La resezione finale iniziale viene effettuata attraverso l'attività endonucleasi di MRE11, consentendo un'ulteriore elaborazione da parte delle nucleasi DNA2 ed EXO1. Gli sbalzi di ssDNA generati vengono rapidamente rivestiti dalla proteina di replicazione A (RPA) per proteggerli da ulteriori elaborazioni. Successivamente, BRCA2, PALB2 e BRCA1 si impegnano a mediare lo spostamento di RPA e l'assemblaggio del nucleofilamento RAD51 necessario per il meccanismo di riparazione diretto all'omologia. Un buon equilibrio tra l'uso di NHEJ e HR è necessario per il mantenimento ottimale dell'integrità genomica. La scelta del percorso dipende dalla fase del ciclo cellulare. L'HR viene utilizzato preferenzialmente durante le fasi da S a G2 in cui la resezione del DNA è al più alto livello e i cromatidi fratelli sono disponibili per garantire una corretta riparazione.

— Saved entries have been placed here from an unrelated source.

(* Let $n\ge 4$ and let $S_{n-3,1}$ be the tree on $n$ vertices consisting of a vertex $u$ adjacent to $n-3$ leaves and to one further vertex $w$ of degree $2$ whose other neighbor is a leaf. Then $\rho_{ABC}(S_{n-3,1})>\sqrt{n-3.5}$.
   Context: For a simple connected graph $G$ with vertex set $\{v_1,\dots,v_n\}$ and degrees $d_i$, the ABC matrix is $M(G)=(m_{ij})_{n\times n}$ with $m_{ij}=\sqrt{(d_i+d_j-2)/(d_id_j)}$ if $v_iv_j$ is an edge and $m_{ij}=0$ otherwise. The ABC spectral radius $\rho_{ABC}(G)$ is the largest eigenvalue of $M(G)$. *)

theory Defs
  imports "Jordan_Normal_Form.Char_Poly"
begin

text \<open>Simple graphs on vertex set {0..<n}, given by a symmetric irreflexive edge relation E.\<close>

definition deg :: "nat \<Rightarrow> (nat \<Rightarrow> nat \<Rightarrow> bool) \<Rightarrow> nat \<Rightarrow> nat" where
  "deg n E i = card {j. j < n \<and> E i j}"

definition abc_matrix :: "nat \<Rightarrow> (nat \<Rightarrow> nat \<Rightarrow> bool) \<Rightarrow> real mat" where
  "abc_matrix n E = mat n n (\<lambda>(i, j).
     if E i j then sqrt ((real (deg n E i) + real (deg n E j) - 2) / (real (deg n E i) * real (deg n E j)))
     else 0)"

definition abc_spectral_radius :: "nat \<Rightarrow> (nat \<Rightarrow> nat \<Rightarrow> bool) \<Rightarrow> real" where
  "abc_spectral_radius n E = Max {r. eigenvalue (abc_matrix n E) r}"

text \<open>The tree S_{n-3,1}: vertex 0 = u, vertex 1 = w, vertex 2 = the leaf adjacent to w,
  vertices 3..n-1 are the n-3 leaves adjacent to u.\<close>
definition S_tree_edge :: "nat \<Rightarrow> nat \<Rightarrow> nat \<Rightarrow> bool" where
  "S_tree_edge n i j = (i < n \<and> j < n \<and>
     ({i, j} = {0, 1} \<or> {i, j} = {1, 2} \<or> (\<exists>k. 3 \<le> k \<and> k < n \<and> {i, j} = {0, k})))"

end

theory Submission
  imports Defs
begin

text \<open>With weights \<open>p = \<surd>(1/2)\<close> on the two edges at \<open>w\<close> and \<open>q = \<surd>((n-3)/(n-2))\<close> on
  the \<open>n-3\<close> pendant edges at \<open>u\<close>, \<open>\<surd>t\<close> is an eigenvalue, with an eigenvector constant
  on those leaves, whenever \<open>t > 0\<close> solves \<open>t\<^sup>2 - (2p\<^sup>2 + (n-3)q\<^sup>2) t + (n-3)p\<^sup>2q\<^sup>2 = 0\<close>, i.e.
  \<open>t\<^sup>2 - (1+c) t + c/2 = 0\<close> with \<open>c = (n-3)\<^sup>2/(n-2) > n - 4\<close>. Its larger root satisfies
  \<open>t > c + 1/2 > n - 3.5\<close>.\<close>

lemma finite_eigenvalues:
  fixes A :: "'a :: field mat"
  assumes A: "A \<in> carrier_mat n n"
  shows "finite {r. eigenvalue A r}"
proof -
  have "char_poly A \<noteq> 0" using degree_monic_char_poly[OF A] by auto
  then have "finite {r. poly (char_poly A) r = 0}" by (rule poly_roots_finite)
  then show ?thesis using eigenvalue_root_char_poly[OF A] by simp
qed

lemma eigenvalue_le_abc_spectral_radius:
  assumes "eigenvalue (abc_matrix n E) r"
  shows "r \<le> abc_spectral_radius n E"
proof -
  have "abc_matrix n E \<in> carrier_mat n n" by (simp add: abc_matrix_def)
  then show ?thesis
    unfolding abc_spectral_radius_def using assms finite_eigenvalues by (intro Max_ge) auto
qed

lemma mult_mat_vec_index_supported:
  assumes "A \<in> carrier_mat n n" "v \<in> carrier_vec n" "i < n" "S \<subseteq> {..<n}"
    and "\<And>j. j < n \<Longrightarrow> j \<notin> S \<Longrightarrow> A $$ (i, j) = 0"
  shows "(A *\<^sub>v v) $ i = (\<Sum>j\<in>S. A $$ (i, j) * v $ j)"
proof -
  have "(A *\<^sub>v v) $ i = (\<Sum>j<n. A $$ (i, j) * v $ j)"
    using assms(1-3) by (simp add: scalar_prod_def atLeast0LessThan)
  also have "\<dots> = (\<Sum>j\<in>S. A $$ (i, j) * v $ j)"
    using assms(4,5) by (intro sum.mono_neutral_right) auto
  finally show ?thesis .
qed

lemma S_tree_edge_iff:
  "S_tree_edge n i j \<longleftrightarrow> i < n \<and> j < n \<and>
     ((i = 0 \<and> j = 1) \<or> (i = 1 \<and> j = 0) \<or> (i = 1 \<and> j = 2) \<or> (i = 2 \<and> j = 1)
      \<or> (i = 0 \<and> 3 \<le> j) \<or> (j = 0 \<and> 3 \<le> i))"
  unfolding S_tree_edge_def by (auto simp: doubleton_eq_iff)

lemma S_tree_neighbours:
  assumes "n \<ge> 3" "i < n"
  shows "{j. j < n \<and> S_tree_edge n i j} =
    (if i = 0 then insert 1 {3..<n} else if i = 1 then {0, 2} else if i = 2 then {1} else {0})"
  using assms by (auto simp: S_tree_edge_iff)

lemma deg_S_tree:
  assumes "n \<ge> 3" "i < n"
  shows "deg n (S_tree_edge n) i = (if i = 0 then n - 2 else if i = 1 then 2 else 1)"
  using assms unfolding deg_def S_tree_neighbours[OF assms] by auto

definition weighted_S_tree_matrix :: "nat \<Rightarrow> real \<Rightarrow> real \<Rightarrow> real mat" where
  "weighted_S_tree_matrix n p q = mat n n (\<lambda>(i, j).
     if S_tree_edge n i j then if i < 3 \<and> j < 3 then p else q else 0)"

lemma abc_matrix_S_tree:
  assumes "n \<ge> 4"
  shows "abc_matrix n (S_tree_edge n) =
    weighted_S_tree_matrix n (sqrt (1/2)) (sqrt ((real n - 3) / (real n - 2)))"
    (is "_ = ?W")
proof (rule eq_matI)
  fix i j assume "i < dim_row ?W" "j < dim_col ?W"
  then have "i < n" "j < n" by (auto simp: weighted_S_tree_matrix_def)
  moreover have "real (n - 2) = real n - 2" using assms by simp
  moreover have "(real n - 2 + 2 - 2) / ((real n - 2) * 2) = 1/2" using assms by (simp add: field_simps)
  ultimately show "abc_matrix n (S_tree_edge n) $$ (i, j) = ?W $$ (i, j)"
    using assms
    by (auto simp: abc_matrix_def weighted_S_tree_matrix_def S_tree_edge_iff deg_S_tree mult.commute)
qed (auto simp: abc_matrix_def weighted_S_tree_matrix_def)

lemma eigenvalue_weighted_S_tree_matrix:
  assumes n: "n \<ge> 3" and p: "p \<noteq> 0" and t: "t > 0"
    and quadratic: "t\<^sup>2 - (2 * p\<^sup>2 + (real n - 3) * q\<^sup>2) * t + (real n - 3) * p\<^sup>2 * q\<^sup>2 = 0"
  shows "eigenvalue (weighted_S_tree_matrix n p q) (sqrt t)"
proof -
  define M where "M = weighted_S_tree_matrix n p q"
  define r where "r = sqrt t"
  have r2: "r * r = t" using t by (simp add: r_def)
  have r0: "r \<noteq> 0" using t by (simp add: r_def)
  \<comment> \<open>Solve the eigen-equations at the leaves of \<open>u\<close>, at the leaf of \<open>w\<close> and at \<open>w\<close>; the one at \<open>u\<close> is the quadratic.\<close>
  define v where "v = vec n (\<lambda>i. if i = 0 then r * (t - p\<^sup>2) else if i = 1 then p * t
    else if i = 2 then p\<^sup>2 * r else q * (t - p\<^sup>2))"
  have M: "M \<in> carrier_mat n n" and v: "v \<in> carrier_vec n"
    by (simp_all add: M_def weighted_S_tree_matrix_def v_def)
  have "v $ 2 \<noteq> 0" using n p r0 by (simp add: v_def)
  then have "v \<noteq> 0\<^sub>v n" using n by auto
  moreover have "M *\<^sub>v v = r \<cdot>\<^sub>v v"
  proof (rule eq_vecI)
    fix i assume "i < dim_vec (r \<cdot>\<^sub>v v)"
    then have i: "i < n" using v by simp
    have row: "(M *\<^sub>v v) $ i = (\<Sum>j\<in>{j. j < n \<and> S_tree_edge n i j}. M $$ (i, j) * v $ j)"
      using M v i by (intro mult_mat_vec_index_supported) (auto simp: M_def weighted_S_tree_matrix_def)
    consider "i = 0" | "i = 1" | "i = 2" | "3 \<le> i" by linarith
    then show "(M *\<^sub>v v) $ i = (r \<cdot>\<^sub>v v) $ i"
    proof cases
      case 1
      have "(\<Sum>j\<in>{3..<n}. M $$ (0, j) * v $ j) = (\<Sum>j\<in>{3..<n}. q * (q * (t - p\<^sup>2)))"
        by (intro sum.cong) (auto simp: M_def weighted_S_tree_matrix_def v_def S_tree_edge_iff)
      then have leaves: "(\<Sum>j\<in>{3..<n}. M $$ (0, j) * v $ j) = (real n - 3) * (q * (q * (t - p\<^sup>2)))"
        using n by (simp add: of_nat_diff)
      have "(M *\<^sub>v v) $ i = M $$ (0, 1) * v $ 1 + (\<Sum>j\<in>{3..<n}. M $$ (0, j) * v $ j)"
        using row 1 S_tree_neighbours[OF n i] by simp
      also have "\<dots> = p * (p * t) + (real n - 3) * (q * (q * (t - p\<^sup>2)))"
        unfolding leaves using n by (simp add: M_def weighted_S_tree_matrix_def v_def S_tree_edge_iff)
      also have "\<dots> = t * (t - p\<^sup>2)"
        using quadratic by (simp add: power2_eq_square algebra_simps)
      finally show ?thesis using 1 i r2 by (simp add: v_def)
    next
      case 2
      have "(M *\<^sub>v v) $ i = M $$ (1, 0) * v $ 0 + M $$ (1, 2) * v $ 2"
        using row 2 S_tree_neighbours[OF n i] by simp
      then show ?thesis using 2 n r2
        by (simp add: M_def weighted_S_tree_matrix_def v_def S_tree_edge_iff
          power2_eq_square algebra_simps)
    next
      case 3
      have "(M *\<^sub>v v) $ i = M $$ (2, 1) * v $ 1"
        using row 3 S_tree_neighbours[OF n i] by simp
      then show ?thesis using 3 n r2
        by (simp add: M_def weighted_S_tree_matrix_def v_def S_tree_edge_iff
          power2_eq_square algebra_simps)
    next
      case 4
      have "(M *\<^sub>v v) $ i = M $$ (i, 0) * v $ 0"
        using row 4 S_tree_neighbours[OF n i] by simp
      then show ?thesis using 4 n i
        by (simp add: M_def weighted_S_tree_matrix_def v_def S_tree_edge_iff algebra_simps)
    qed
  qed (simp add: M_def weighted_S_tree_matrix_def v_def)
  ultimately show ?thesis
    unfolding eigenvalue_def eigenvector_def M_def r_def using v M M_def by auto
qed

theorem lemma3p3:
  fixes n :: nat
  assumes "n \<ge> 4"
  shows "abc_spectral_radius n (S_tree_edge n) > sqrt (real n - 3.5)"
proof -
  define c where "c = (real n - 3)\<^sup>2 / (real n - 2)"
  define t where "t = (1 + c + sqrt (1 + c\<^sup>2)) / 2"
  have c: "c = real n - 4 + 1 / (real n - 2)"
    using assms by (simp add: c_def field_simps power2_eq_square)
  have "c < sqrt (1 + c\<^sup>2)"
    using real_sqrt_less_mono[of "c\<^sup>2" "1 + c\<^sup>2"] by simp
  then have "t > c + 1/2" by (simp add: t_def)
  moreover have "c > real n - 4" using assms by (simp add: c)
  ultimately have t_gt: "t > real n - 3.5" by simp
  define q where "q = sqrt ((real n - 3) / (real n - 2))"
  have q: "(real n - 3) * q\<^sup>2 = c"
    using assms by (simp add: q_def c_def power2_eq_square)
  have "t\<^sup>2 - (1 + c) * t + c / 2 = 0"
    by (simp add: t_def field_simps power2_eq_square)
  then have "t\<^sup>2 - (2 * (sqrt (1/2))\<^sup>2 + (real n - 3) * q\<^sup>2) * t
      + (real n - 3) * (sqrt (1/2))\<^sup>2 * q\<^sup>2 = 0"
    by (simp add: q mult.commute[of _ "1/2"] mult.assoc[symmetric])
  then have "eigenvalue (abc_matrix n (S_tree_edge n)) (sqrt t)"
    unfolding abc_matrix_S_tree[OF assms] q_def[symmetric] using assms t_gt
    by (intro eigenvalue_weighted_S_tree_matrix) auto
  then have "sqrt t \<le> abc_spectral_radius n (S_tree_edge n)"
    by (rule eigenvalue_le_abc_spectral_radius)
  moreover have "sqrt (real n - 3.5) < sqrt t" using t_gt by simp
  ultimately show ?thesis by linarith
qed

end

La poli (ADP-ribosio) polimerasi 1 (PARP-1) è una delle prime proteine reclutate nel DSB. Regola sia l'attività di resezione che l'assemblaggio di effettori a valle coinvolti nel ^NHEJ5,6. PARP-1 è anche necessario per la riparazione della rottura a singolo filamento del DNA durante la ^{replicazione7,8}. A causa del suo importante ruolo nella riparazione del DNA, gli inibitori PARP (PARPi) sono usati come terapie contro il cancro. In diversi tumori con deficit di HR, il trattamento con PARPi porta a una risposta letale sintetica a causa dell'incapacità delle cellule carenti di HR di riparare il danno accumulato attraverso un percorso ^{alternativo9,10}. Attualmente ci sono quattro PARPi approvati dalla FDA: Olaparib, Rucaparib, Niriparib e Talazoparib (chiamato anche BMN 673), che vengono utilizzati per vari trattamenti per il cancro al seno e alle ^ovaie11. Tuttavia, la resistenza PARPi è comune e una potenziale causa sorge attraverso la riacquisizione della competenza ^HR12. La perdita o l'inibizione di PARP-1 in presenza di irradiazione disregola il meccanismo del resettosoma, portando all'accumulo di tratti ssDNA più ^lunghi13. Pertanto, uno studio approfondito della resezione del DNA in vivo è fondamentale per una comprensione più chiara dei percorsi di riparazione del DNA e il successivo sviluppo di nuove strategie per trattare il cancro e superare la resistenza al PARPi.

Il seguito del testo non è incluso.